Not to mention that these days people often ask ChatGPT "what's the best way to do this" before proceeding, and whatever you ask in interviews is completely irrelevant.
It is exactly for these reasons we never ask such questions in our interviews. There are much more important aspects of a candidate to evaluate.
The 2 minutes wasted to write it doesn't move the needle, but the time that their present and future teammates will waste on reading it might.
It costs me more effort to read and understand a screenful of unfamiliar code than the equivalent "sort -k 1.1" or "uniq" while skimming through a shell script. This adds up.
Assuming teammates are all experts at linux commands. Fact: not everyone knows what "sort | uniq -c" does or can type it out on demand. Actually I'll be surprised if more than 25% of all software engineers can do that
. If you don't believe me, ask random people inside and outside your company.
> It costs me more effort to read and understand ...
You don't need to. LLMs are meant for that. You probably will roll your own script anyway and none of this matters.
You are worrying about things that, in my experience, do not make any noticeable impact on overall productivity.
This depends on the context... If a file is pretty small, I would avoid sort pipes when there is a Python codebase. It's only useful when the files are pretty big (1-5GB+)
They are tricky and not very portable. Sorting depends on locales and the GNU tools implementation.
you can develop just as fast or even faster with python once you develop a good enough utility library for it.
For example my python interpreter imports my custom List and Path classes and I could just do the following to get the same result:
List(List(Path("filepath").read_text_file().splitlines()).group_by_key(lambda x:x).items()).map(lambda x:(len(x[1]),x[0])).sorted()
and if used often enough, it could made an utility method:
Path("filepath").read_sorted_by_most_common()
So I find it shortsighted to reject someone based on that without giving them a chance to explain their reasoning.
I think generally people really underestimate how much more productive you can be with a good utility library.
> once you develop a good enough utility library for it.
What happens when everybody comes to the job with their own utility library and start working on the same codebase?

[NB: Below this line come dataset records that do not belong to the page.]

lemma simple_zeros_collins_f1_card_le_3:
  "finite (simple_zeros (collins_f1 a b) {0<..<1})
    \<and> card (simple_zeros (collins_f1 a b) {0<..<1}) \<le> 3"
proof -
  let ?P = "collins_cubic a b"
  let ?A = "{s \<in> {0<..<1}. poly ?P s = 0 \<and> poly (pderiv ?P) s \<noteq> 0}"
  have sub: "?A \<subseteq> {s. poly ?P s = 0 \<and> poly (pderiv ?P) s \<noteq> 0}" by auto
  have "finite ?A" by (rule finite_subset[OF sub finite_simple_roots])
  have "card ((\<lambda>s. sqrt (1 - s^2)) ` ?A) \<le> card ?A"
    by (rule card_image_le[OF \<open>finite ?A\<close>])
  also have "\<dots> \<le> card {s. poly ?P s = 0 \<and> poly (pderiv ?P) s \<noteq> 0}"
    by (rule card_mono[OF finite_simple_roots sub])
  also have "\<dots> \<le> degree ?P" by (rule card_simple_roots_le_degree)
  also have "\<dots> \<le> 3"
    unfolding collins_cubic_def by (auto intro!: le_trans[OF degree_pCons_le])
  finally show ?thesis
    unfolding simple_zeros_collins_f1 using \<open>finite ?A\<close> by simp
qed

lemma simple_zeros_collins_f1_card_3:
  "\<exists>a b. finite (simple_zeros (collins_f1 a b) {0<..<1})
     \<and> card (simple_zeros (collins_f1 a b) {0<..<1}) = 3"
proof -
  define a :: "nat \<Rightarrow> nat \<Rightarrow> real" where
    "a i j = (if (i, j) = (1, 0) then 19/2 else if (i, j) = (1, 2) then -25/2 else 0)" for i j
  define b :: "nat \<Rightarrow> nat \<Rightarrow> real" where
    "b i j = (if (i, j) = (0, 1) then -8 else if (i, j) = (2, 1) then -40 else 0)" for i j
  have P: "poly (collins_cubic a b) s = (4 * s - 1) * (2 * s - 1) * (4 * s - 3)" for s
    unfolding poly_collins_cubic a_def b_def by (simp add: algebra_simps power2_eq_square power3_eq_cube)
  have P': "poly (pderiv (collins_cubic a b)) s = 96 * s^2 - 96 * s + 22" for s
    unfolding collins_cubic_def a_def b_def by (simp add: pderiv_pCons algebra_simps power2_eq_square)
  have "{s \<in> {0<..<1}. poly (collins_cubic a b) s = 0 \<and> poly (pderiv (collins_cubic a b)) s \<noteq> 0}
      = {1/4, 1/2, 3/4}"
    unfolding P P' by (auto simp: power2_eq_square)
  moreover have "inj_on (\<lambda>s::real. sqrt (1 - s^2)) {1/4, 1/2, 3/4}"
    by (rule inj_on_inverseI[where g = "\<lambda>s. sqrt (1 - s^2)"])
      (auto simp: sqrt_one_minus_sq_involution)
  ultimately have "card (simple_zeros (collins_f1 a b) {0<..<1}) = 3"
    unfolding simple_zeros_collins_f1 by (simp add: card_image)
  then show ?thesis by (intro exI[of _ a] exI[of _ b]) (simp add: card_ge_0_finite)
qed

lemma rsol_positive_domain:
  "{z. \<forall>\<theta>. 1 - z^2 * (sin \<theta>)^2 > 0 \<and> rsol \<theta> z > 0} = {0<..<1}"
proof (intro set_eqI iffI)
  fix z :: real
  assume "z \<in> {z. \<forall>\<theta>. 1 - z^2 * (sin \<theta>)^2 > 0 \<and> rsol \<theta> z > 0}"
  then have "1 - z^2 * (sin (pi/2))^2 > 0 \<and> rsol (pi/2) z > 0" by blast
  then have "z^2 < 1" and "z > 0" by (auto simp: rsol_def zero_less_divide_iff)
  then show "z \<in> {0<..<1}" by (simp add: abs_square_less_1)
next
  fix z :: real
  assume "z \<in> {0<..<1}"
  then show "z \<in> {z. \<forall>\<theta>. 1 - z^2 * (sin \<theta>)^2 > 0 \<and> rsol \<theta> z > 0}"
    using one_minus_sq_mult_sq_pos[OF _ abs_sin_le_one] by (auto simp: rsol_def)
qed

theorem mainTheorem5:
  shows "(\<forall>\<theta> r. collinsF0 \<theta> r = r ^ 3 * cos \<theta> * sin \<theta>)
    \<and> (\<forall>z \<in> {0<..<1}. rsol 0 z = z
          \<and> (\<forall>\<theta>. ((\<lambda>t. rsol t z) has_real_derivative collinsF0 \<theta> (rsol \<theta> z)) (at \<theta>))
          \<and> (\<forall>\<theta>. rsol (\<theta> + 2 * pi) z = rsol \<theta> z)
          \<and> (\<forall>\<theta>. rsol \<theta> z > 0))
    \<and> {z. \<forall>\<theta>. 1 - z ^ 2 * (sin \<theta>) ^ 2 > 0 \<and> rsol \<theta> z > 0} = {0<..<1}
    \<and> (\<forall>a b. \<forall>z \<in> {0<..<1}. let s = sqrt (1 - z ^ 2) in
          z * collins_f1 a b z = pi * (1 - s) *
            ((b 0 1 - b 0 3 - b 2 1) * s ^ 3
             + (b 0 1 - 2 * a 3 0 - b 0 3 + b 2 1) * s ^ 2
             + (a 1 0 - a 1 2 + a 3 0 + 2 * b 0 3) * s
             + a 1 0 + a 1 2 + a 3 0))
    \<and> (\<forall>a b. finite (simple_zeros (collins_f1 a b) {0<..<1})
          \<and> card (simple_zeros (collins_f1 a b) {0<..<1}) \<le> 3)
    \<and> (\<exists>a b. finite (simple_zeros (collins_f1 a b) {0<..<1})
          \<and> card (simple_zeros (collins_f1 a b) {0<..<1}) = 3)"
proof (intro conjI)
  show "\<forall>z \<in> {0<..<1}. rsol 0 z = z
          \<and> (\<forall>\<theta>. ((\<lambda>t. rsol t z) has_real_derivative collinsF0 \<theta> (rsol \<theta> z)) (at \<theta>))
          \<and> (\<forall>\<theta>. rsol (\<theta> + 2 * pi) z = rsol \<theta> z)
          \<and> (\<forall>\<theta>. rsol \<theta> z > 0)"
    using rsol_has_real_derivative rsol_positive_domain by (auto simp: rsol_def)
  show "\<forall>a b. \<forall>z \<in> {0<..<1}. let s = sqrt (1 - z ^ 2) in
          z * collins_f1 a b z = pi * (1 - s) *
            ((b 0 1 - b 0 3 - b 2 1) * s ^ 3
             + (b 0 1 - 2 * a 3 0 - b 0 3 + b 2 1) * s ^ 2
             + (a 1 0 - a 1 2 + a 3 0 + 2 * b 0 3) * s
             + a 1 0 + a 1 2 + a 3 0)"
    using collins_f1_closed_form by (simp add: poly_collins_cubic)
qed (use collinsF0_eq rsol_positive_domain simple_zeros_collins_f1_card_le_3
      simple_zeros_collins_f1_card_3 in auto)

end
lemma prob_won_pairs_then_H:
  fixes n :: nat
  defines "E \<equiv> {x \<in> space M. (X (-2) x, X (-1) x) \<in> won_pairs n \<and> X 0 x = [H]}"
  shows "E \<in> events" and "prob E = (\<Sum>i\<le>n. \<Sum>j\<le>n - i. pi_unc p q i * pi_unc p q j) * p"
proof -
  have E: "E = {x \<in> space M. ((X (-2) x, X (-1) x), X 0 x) \<in> won_pairs n \<times> {[H]}}"
    unfolding E_def by auto
  have fin: "finite (won_pairs n \<times> {[H]})" by (simp add: finite_won_pairs)
  have ev: "{x \<in> space M. ((X (-2) x, X (-1) x), X 0 x) = v} \<in> events"
    and pr: "prob {x \<in> space M. ((X (-2) x, X (-1) x), X 0 x) = v}
      = cycle_prob p q (fst (fst v)) * cycle_prob p q (snd (fst v)) * cycle_prob p q (snd v)"
    for v :: "(letter list \<times> letter list) \<times> letter list"
    using X_triple_eq_event_and_prob[of "-2" "-1" 0 "fst (fst v)" "snd (fst v)" "snd v"]
    by simp_all
  show "E \<in> events"
    unfolding E by (rule prob_finite_values(1)[OF fin ev])
  have "prob E = (\<Sum>(a, b)\<in>won_pairs n. cycle_prob p q a * cycle_prob p q b * p)"
    unfolding E prob_finite_values(2)[OF fin ev] pr
    by (simp add: sum.cartesian_product' cycle_prob_H split_def)
  then show "prob E = (\<Sum>i\<le>n. \<Sum>j\<le>n - i. pi_unc p q i * pi_unc p q j) * p"
    by (simp add: sum_distrib_right[symmetric] sum_cycle_prob_won_pairs[symmetric] split_def)
qed

end
(* Let $Q$ be a polyhedral partially ordered abelian group and $D\subseteq Q$ a downset. Then $D=\bigcup_\tau P_\tau(D)$, the union over all faces $\tau$ of $Q_+$ for which $\Gamma_\tau(D_\tau)$ is nonempty, and this is a primary decomposition of $D$ (each $P_\tau(D)$ is a coprimary downset).
   Context: A partially ordered abelian group is an abelian group $Q$ generated by a submonoid $Q_+$ (positive cone) whose only unit is $0$; $q\preceq q'$ iff $q'-q\in Q_+$. A face is a submonoid $\sigma\subseteq Q_+$ such that $Q_+\setminus\sigma$ is an ideal of the monoid $Q_+$; $Q$ is polyhedral if there are finitely many faces. A downset is a subset $D\subseteq Q$ with $D-Q_+=D$. For a face $\tau$: $D_\tau=\{q\in D: q+\tau\subseteq D\}$; $q\in D$ is globally supported on $\tau$ if $q\notin D_{\tau'}$ for all faces $\tau'\not\subseteq\tau$, and $\Gamma_\tau D$ is the set of such $q$; the local $\tau$-support is $\Gamma_\tau(D_\tau)$ (elements of $D_\tau$ globally supported on $\tau$ within the downset $D_\tau$); the $\tau$-primary component is the downset $P_\tau(D)=\Gamma_\tau(D_\tau)-Q_+$. A downset $D$ is coprimary ($\tau$-coprimary) if $D=P_\tau(D)$ for some face $\tau$. A primary decomposition of $D$ is an expression $D=\bigcup_{i=1}^r D_i$ with each $D_i$ a coprimary downset. *)

theory Defs
  imports Main
begin

text \<open>A partially ordered abelian group: the ambient abelian group is the type 'a,
  with positive cone Qp, a submonoid whose only unit is 0 and which generates 'a.\<close>
definition pogroup :: "('a::ab_group_add) set \<Rightarrow> bool" where
  "pogroup Qp \<longleftrightarrow> 0 \<in> Qp \<and> (\<forall>x\<in>Qp. \<forall>y\<in>Qp. x + y \<in> Qp)
     \<and> (\<forall>x\<in>Qp. - x \<in> Qp \<longrightarrow> x = 0)
     \<and> (\<forall>q. \<exists>a\<in>Qp. \<exists>b\<in>Qp. q = a - b)"

definition face :: "('a::ab_group_add) set \<Rightarrow> 'a set \<Rightarrow> bool" where
  "face Qp \<sigma> \<longleftrightarrow> \<sigma> \<subseteq> Qp \<and> 0 \<in> \<sigma> \<and> (\<forall>x\<in>\<sigma>. \<forall>y\<in>\<sigma>. x + y \<in> \<sigma>)
     \<and> (\<forall>x\<in>Qp - \<sigma>. \<forall>y\<in>Qp. x + y \<in> Qp - \<sigma>)"

definition polyhedral :: "('a::ab_group_add) set \<Rightarrow> bool" where
  "polyhedral Qp \<longleftrightarrow> finite {\<sigma>. face Qp \<sigma>}"

definition downset :: "('a::ab_group_add) set \<Rightarrow> 'a set \<Rightarrow> bool" where
  "downset Qp D \<longleftrightarrow> {d - p | d p. d \<in> D \<and> p \<in> Qp} = D"

definition face_part :: "('a::ab_group_add) set \<Rightarrow> 'a set \<Rightarrow> 'a set" where
  "face_part D \<tau> = {q \<in> D. \<forall>t\<in>\<tau>. q + t \<in> D}"

definition glob_supp :: "('a::ab_group_add) set \<Rightarrow> 'a set \<Rightarrow> 'a set \<Rightarrow> 'a set" where
  "glob_supp Qp \<tau> D = {q \<in> D. \<forall>\<tau>'. face Qp \<tau>' \<and> \<not> \<tau>' \<subseteq> \<tau> \<longrightarrow> q \<notin> face_part D \<tau>'}"

definition local_supp :: "('a::ab_group_add) set \<Rightarrow> 'a set \<Rightarrow> 'a set \<Rightarrow> 'a set" where
  "local_supp Qp \<tau> D = glob_supp Qp \<tau> (face_part D \<tau>)"

definition primary_comp :: "('a::ab_group_add) set \<Rightarrow> 'a set \<Rightarrow> 'a set \<Rightarrow> 'a set" where
  "primary_comp Qp \<tau> D = {g - p | g p. g \<in> local_supp Qp \<tau> D \<and> p \<in> Qp}"

definition coprimary :: "('a::ab_group_add) set \<Rightarrow> 'a set \<Rightarrow> bool" where
  "coprimary Qp D \<longleftrightarrow> downset Qp D \<and> (\<exists>\<tau>. face Qp \<tau> \<and> D = primary_comp Qp \<tau> D)"

definition primary_decomposition :: "('a::ab_group_add) set \<Rightarrow> 'a set \<Rightarrow> 'a set set \<Rightarrow> bool" where
  "primary_decomposition Qp D Ds \<longleftrightarrow> finite Ds \<and> D = \<Union>Ds \<and> (\<forall>E\<in>Ds. coprimary Qp E)"

end

theory Submission
  imports Defs
begin

text \<open>Every q \<in> D lies in the local support of some face: among the finitely many faces \<tau>
  with q \<in> D_\<tau> take a maximal one. If q also lay in (D_\<tau>)_\<tau>' for a face \<tau>' not contained
  in \<tau>, then q \<in> D_\<sigma> for the face \<sigma> generated by \<tau> and \<tau>', contradicting maximality.
  For coprimarity: every D_\<tau>' is again a downset, so the local \<tau>-support of D is closed under
  adding elements of \<tau>. Hence it lies in (D')_\<tau> for D' = P_\<tau>(D), and it remains globally
  supported on \<tau> inside the smaller downset D'. So P_\<tau>(D') contains P_\<tau>(D) = D'.\<close>

lemma pogroup_zero: "pogroup Qp \<Longrightarrow> 0 \<in> Qp"
  and pogroup_add: "pogroup Qp \<Longrightarrow> x \<in> Qp \<Longrightarrow> y \<in> Qp \<Longrightarrow> x + y \<in> Qp"
  unfolding pogroup_def by auto

lemma face_subset: "face Qp \<tau> \<Longrightarrow> \<tau> \<subseteq> Qp"
  and face_zero: "face Qp \<tau> \<Longrightarrow> 0 \<in> \<tau>"
  and face_add: "face Qp \<tau> \<Longrightarrow> x \<in> \<tau> \<Longrightarrow> y \<in> \<tau> \<Longrightarrow> x + y \<in> \<tau>"
  unfolding face_def by auto

lemma face_zero_set: "pogroup Qp \<Longrightarrow> face Qp {0}"
  unfolding pogroup_def face_def by (auto simp: add_eq_0_iff)

definition face_join :: "('a::ab_group_add) set \<Rightarrow> 'a set \<Rightarrow> 'a set \<Rightarrow> 'a set" where
  "face_join Qp \<tau> \<tau>' = {x \<in> Qp. \<exists>y\<in>Qp. \<exists>a\<in>\<tau>. \<exists>b\<in>\<tau>'. x + y = a + b}"

lemma face_face_join:
  assumes Q: "pogroup Qp" and \<tau>: "face Qp \<tau>" and \<tau>': "face Qp \<tau>'"
  shows "face Qp (face_join Qp \<tau> \<tau>')"
  unfolding face_def
proof (intro conjI ballI)
  let ?F = "face_join Qp \<tau> \<tau>'"
  show "?F \<subseteq> Qp"
    by (auto simp: face_join_def)
  show "0 \<in> ?F"
    using pogroup_zero[OF Q] face_zero[OF \<tau>] face_zero[OF \<tau>'] by (force simp: face_join_def)
  fix x x' assume "x \<in> ?F" "x' \<in> ?F"
  then obtain y a b y' a' b' where
    "x \<in> Qp" "y \<in> Qp" "a \<in> \<tau>" "b \<in> \<tau>'" "x + y = a + b"
    "x' \<in> Qp" "y' \<in> Qp" "a' \<in> \<tau>" "b' \<in> \<tau>'" "x' + y' = a' + b'"
    by (auto simp: face_join_def)
  moreover from this have "(x + x') + (y + y') = (a + a') + (b + b')"
    by (simp add: algebra_simps)
  ultimately show "x + x' \<in> ?F"
    unfolding face_join_def using pogroup_add[OF Q] face_add[OF \<tau>] face_add[OF \<tau>'] by blast
next
  let ?F = "face_join Qp \<tau> \<tau>'"
  fix x y assume x: "x \<in> Qp - ?F" and y: "y \<in> Qp"
  have "x \<in> ?F" if "x + y \<in> ?F"
  proof -
    from that obtain z a b where "z \<in> Qp" "a \<in> \<tau>" "b \<in> \<tau>'" "x + (y + z) = a + b"
      by (auto simp: face_join_def add.assoc)
    with x y show ?thesis
      unfolding face_join_def using pogroup_add[OF Q] by blast
  qed
  with x y show "x + y \<in> Qp - ?F"
    using pogroup_add[OF Q] by blast
qed
(* Let $G\subseteq\ell^2$ be a dense $G_\delta$ set and $f:G\to\{1,2\}^\omega$ a continuous function such that $y\notin\mathsf{HC}(f(y))$ for each $y\in G$, $\mathsf{HC}(f(y))\neq\emptyset$ for each $y\in G$, and for each nonempty open $U\subseteq\ell^2$ the image $f[U\cap G]$ contains at least two elements. Then there is a perfect set $P\subseteq G$ (a closed subset of $\ell^2$ with no isolated points) such that $x\notin\mathsf{HC}(f(x))$ for all $x\in P$, and $x\in\mathsf{HC}(f(y))$ for all distinct $x,y\in P$.
   Context: $\omega=\{0,1,2,\dots\}$; $\ell^2$ is the Hilbert space of square-summable real sequences indexed by $\omega$ with its norm topology; $\{1,2\}^\omega$ has the product topology. For $w\in\{1,2\}^\omega$, $B_w:\ell^2\to\ell^2$ is $B_w(x)(i)=w(i)\,x(i+1)$, and $\mathsf{HC}(w)$ is the set of $x\in\ell^2$ such that $\{B_w^k(x):k\in\omega\}$ is dense in $\ell^2$. *)

theory Defs
  imports "HOL-Analysis.Analysis"
begin

typedef l2 = "{x::nat \<Rightarrow> real. summable (\<lambda>i. (x i)\<^sup>2)}"
  morphisms l2_seq Abs_l2
  by (rule exI[of _ "\<lambda>_. 0"]) simp

setup_lifting type_definition_l2

lemma summable_sq_add:
  fixes x y :: "nat \<Rightarrow> real"
  assumes "summable (\<lambda>i. (x i)\<^sup>2)" "summable (\<lambda>i. (y i)\<^sup>2)"
  shows "summable (\<lambda>i. (x i + y i)\<^sup>2)"
proof (rule summable_comparison_test')
  show "summable (\<lambda>i. 2 * (x i)\<^sup>2 + 2 * (y i)\<^sup>2)"
    using assms by (intro summable_add summable_mult) auto
  fix n
  have "(x n + y n)\<^sup>2 \<le> 2 * (x n)\<^sup>2 + 2 * (y n)\<^sup>2"
    using sum_squares_ge_zero[of "x n - y n" 0] by (simp add: power2_eq_square algebra_simps)
  then show "norm ((x n + y n)\<^sup>2) \<le> 2 * (x n)\<^sup>2 + 2 * (y n)\<^sup>2" by simp
qed

lemma summable_sq_scale:
  fixes x :: "nat \<Rightarrow> real"
  assumes "summable (\<lambda>i. (x i)\<^sup>2)"
  shows "summable (\<lambda>i. (c * x i)\<^sup>2)"
  using summable_mult[OF assms, of "c\<^sup>2"] by (simp add: power_mult_distrib)

lemma sqrt_suminf_sq_triangle:
  fixes x y :: "nat \<Rightarrow> real"
  assumes sx: "summable (\<lambda>i. (x i)\<^sup>2)" and sy: "summable (\<lambda>i. (y i)\<^sup>2)"
  shows "sqrt (\<Sum>i. (x i + y i)\<^sup>2) \<le> sqrt (\<Sum>i. (x i)\<^sup>2) + sqrt (\<Sum>i. (y i)\<^sup>2)"
proof -
  let ?a = "sqrt (\<Sum>i. (x i)\<^sup>2)" and ?b = "sqrt (\<Sum>i. (y i)\<^sup>2)"
  have "(\<Sum>i. (x i + y i)\<^sup>2) \<le> (?a + ?b)\<^sup>2"
  proof (rule suminf_le_const)
    show "summable (\<lambda>i. (x i + y i)\<^sup>2)" using summable_sq_add[OF sx sy] .
    fix n
    have "L2_set (\<lambda>i. x i + y i) {..<n} \<le> L2_set x {..<n} + L2_set y {..<n}"
      by (rule L2_set_triangle_ineq)
    also have "L2_set x {..<n} \<le> ?a"
      unfolding L2_set_def
      by (intro real_sqrt_le_mono sum_le_suminf sx) auto
    also have "L2_set y {..<n} \<le> ?b"
      unfolding L2_set_def
      by (intro real_sqrt_le_mono sum_le_suminf sy) auto
    finally have h: "L2_set (\<lambda>i. x i + y i) {..<n} \<le> ?a + ?b" by simp
    have "(\<Sum>i<n. (x i + y i)\<^sup>2) = (L2_set (\<lambda>i. x i + y i) {..<n})\<^sup>2"
      unfolding L2_set_def by (simp add: sum_nonneg)
    also have "\<dots> \<le> (?a + ?b)\<^sup>2"
      using h by (intro power_mono) auto
    finally show "(\<Sum>i<n. (x i + y i)\<^sup>2) \<le> (?a + ?b)\<^sup>2" .
  qed
  then have "sqrt (\<Sum>i. (x i + y i)\<^sup>2) \<le> sqrt ((?a + ?b)\<^sup>2)"
    by (rule real_sqrt_le_mono)
  also have "\<dots> = ?a + ?b"
    by (intro real_sqrt_abs[THEN trans] abs_of_nonneg add_nonneg_nonneg real_sqrt_ge_zero suminf_nonneg sx sy) auto
  finally show ?thesis .
qed

lemma sqrt_suminf_sq_scale:
  fixes x :: "nat \<Rightarrow> real"
  assumes sx: "summable (\<lambda>i. (x i)\<^sup>2)"
  shows "sqrt (\<Sum>i. (r * x i)\<^sup>2) = \<bar>r\<bar> * sqrt (\<Sum>i. (x i)\<^sup>2)"
proof -
  have "(\<Sum>i. (r * x i)\<^sup>2) = r\<^sup>2 * (\<Sum>i. (x i)\<^sup>2)"
    using suminf_mult[OF sx, of "r\<^sup>2"] by (simp add: power_mult_distrib)
  then show ?thesis
    by (metis real_sqrt_mult real_sqrt_abs)
qed

instantiation l2 :: real_normed_vector
begin

lift_definition zero_l2 :: l2 is "\<lambda>_. 0" by simp
lift_definition plus_l2 :: "l2 \<Rightarrow> l2 \<Rightarrow> l2" is "\<lambda>x y i. x i + y i"
  by (rule summable_sq_add)
lift_definition uminus_l2 :: "l2 \<Rightarrow> l2" is "\<lambda>x i. - x i" by simp
lift_definition minus_l2 :: "l2 \<Rightarrow> l2 \<Rightarrow> l2" is "\<lambda>x y i. x i - y i"
  using summable_sq_add[of _ "\<lambda>i. - _ i"] by simp
lift_definition scaleR_l2 :: "real \<Rightarrow> l2 \<Rightarrow> l2" is "\<lambda>c x i. c * x i"
  by (rule summable_sq_scale)
lift_definition norm_l2 :: "l2 \<Rightarrow> real" is "\<lambda>x. sqrt (\<Sum>i. (x i)\<^sup>2)" .
definition sgn_l2 :: "l2 \<Rightarrow> l2" where "sgn_l2 x = scaleR (inverse (norm x)) x"
definition dist_l2 :: "l2 \<Rightarrow> l2 \<Rightarrow> real" where "dist_l2 x y = norm (x - y)"
definition uniformity_l2 :: "(l2 \<times> l2) filter"
  where "uniformity_l2 = (INF e\<in>{0<..}. principal {(x, y). dist x y < e})"
definition open_l2 :: "l2 set \<Rightarrow> bool"
  where "open_l2 U = (\<forall>x\<in>U. \<forall>\<^sub>F (x', y) in uniformity. x' = x \<longrightarrow> y \<in> U)"

instance
proof
  fix a b c :: l2 and r s :: real
  show "a + b + c = a + (b + c)" by transfer (simp add: algebra_simps)
  show "a + b = b + a" by transfer (simp add: algebra_simps)
  show "0 + a = a" by transfer simp
  show "- a + a = 0" by transfer simp
  show "a - b = a + - b" by transfer simp
  show "r *\<^sub>R (a + b) = r *\<^sub>R a + r *\<^sub>R b" by transfer (simp add: algebra_simps)
  show "(r + s) *\<^sub>R a = r *\<^sub>R a + s *\<^sub>R a" by transfer (simp add: algebra_simps)
  show "r *\<^sub>R s *\<^sub>R a = (r * s) *\<^sub>R a" by transfer (simp add: algebra_simps)
  show "1 *\<^sub>R a = a" by transfer simp
  show "sgn a = inverse (norm a) *\<^sub>R a" by (simp add: sgn_l2_def)
  show "dist a b = norm (a - b)" by (simp add: dist_l2_def)
  show "uniformity = (INF e\<in>{0<..}. principal {(x, y :: l2). dist x y < e})"
    by (simp add: uniformity_l2_def)
  show "open U = (\<forall>x\<in>U. \<forall>\<^sub>F (x', y) in uniformity. x' = x \<longrightarrow> y \<in> U)" for U :: "l2 set"
    by (simp add: open_l2_def)
  show "(norm a = 0) = (a = 0)"
  proof transfer
    fix x :: "nat \<Rightarrow> real" assume sx: "summable (\<lambda>i. (x i)\<^sup>2)"
    have "(sqrt (\<Sum>i. (x i)\<^sup>2) = 0) \<longleftrightarrow> (\<Sum>i. (x i)\<^sup>2) = 0" by simp
    also have "\<dots> \<longleftrightarrow> (\<forall>i. (x i)\<^sup>2 = 0)"
      using suminf_eq_zero_iff[OF sx] by simp
    also have "\<dots> \<longleftrightarrow> x = (\<lambda>_. 0)" by (auto simp: fun_eq_iff)
    finally show "(sqrt (\<Sum>i. (x i)\<^sup>2) = 0) = (x = (\<lambda>_. 0))" .
  qed
  show "norm (a + b) \<le> norm a + norm b"
    by transfer (rule sqrt_suminf_sq_triangle)
  show "norm (r *\<^sub>R a) = \<bar>r\<bar> * norm a"
    by transfer (rule sqrt_suminf_sq_scale)
qed

end

text \<open>Weights are sequences w :: nat => real; the statement only uses weights with values in
  {1,2}, for which the weighted backward shift maps l2 into l2.\<close>

definition B :: "(nat \<Rightarrow> real) \<Rightarrow> l2 \<Rightarrow> l2" where
  "B w x = Abs_l2 (\<lambda>i. w i * l2_seq x (Suc i))"

definition HC :: "(nat \<Rightarrow> real) \<Rightarrow> l2 set" where
  "HC w = {x. closure (range (\<lambda>k. (B w ^^ k) x)) = UNIV}"

definition perfect_set :: "'a::topological_space set \<Rightarrow> bool" where
  "perfect_set P \<longleftrightarrow> closed P \<and> (\<forall>x\<in>P. x islimpt P)"

end

theory Submission
  imports Defs
begin

text \<open>
  Let W_0, W_1, ... enumerate the balls with rational, finitely supported centres and radii
  1/(j+1), every ball occurring at arbitrarily large indices. Inside the open sets whose
  intersection is G we build a Cantor scheme of closed balls C_s, indexed by finite 0-1 words s,
  of radius at most 2^-|s|, such that whenever s and t are distinct words of length n, x lies in
  C_s and y in C_t and G, some iterate of B_(f y) maps x into W_n. One pair of balls is shrunk
  for one W_n at a time: take y0 in C_t and G, a hypercyclic vector x0 of B_(f y0) in C_s
  (hypercyclic vectors are dense once there is one) and k with B_(f y0)^k x0 in W_n. For x near
  x0, B_w^k x stays close to B_(f y0)^k x0 as long as w agrees with f y0 on a long enough initial
  segment, and as f is continuous with values in {1,2}^omega this holds for all y near y0.
  Two distinct points x, y of the resulting perfect set lie in different balls at every level
  from some N on, so the B_(f y)-orbit of x meets W_n for all n >= N and is therefore dense.
\<close>

section \<open>Topological preliminaries and Cantor schemes\<close>

lemma closure_eq_UNIV_iff: "closure S = UNIV \<longleftrightarrow> (\<forall>U. open U \<longrightarrow> U \<noteq> {} \<longrightarrow> U \<inter> S \<noteq> {})"
proof
  assume "\<forall>U. open U \<longrightarrow> U \<noteq> {} \<longrightarrow> U \<inter> S \<noteq> {}"
  then have "- closure S = {}"
    using closure_subset[of S] by blast
  then show "closure S = UNIV"
    by blast
qed (use open_Int_closure_eq_empty in fastforce)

Would you like it if you had to get up to speed with several utility libraries your coworkers developed for themselves?
A common set of tools, like the Unix commands, makes it easier for people to collaborate. They were put in an official standard for a reason.
> For example my python interpreter imports my custom List and Path classes and I could just do the following to get the same result:
List(List(Path("filepath").read_text_file().splitlines()).group_by_key(lambda x:x).items()).map(lambda x:(len(x[1]),x[0])).sorted()
... But I don't know why you would, because with builtins and the standard library you can already do
sorted((count, line) for (line, count) in Counter(Path("filepath").read_text().splitlines()).items())
> and if used often enough, it could made an utility method:
Sure, but you can do that for any functionality in any practical language.
> Wasting developer time
What is the definition of wasting developer time? If a developer takes a 2 hours break to recover mental power and avoid burnout, is it considered time wasted?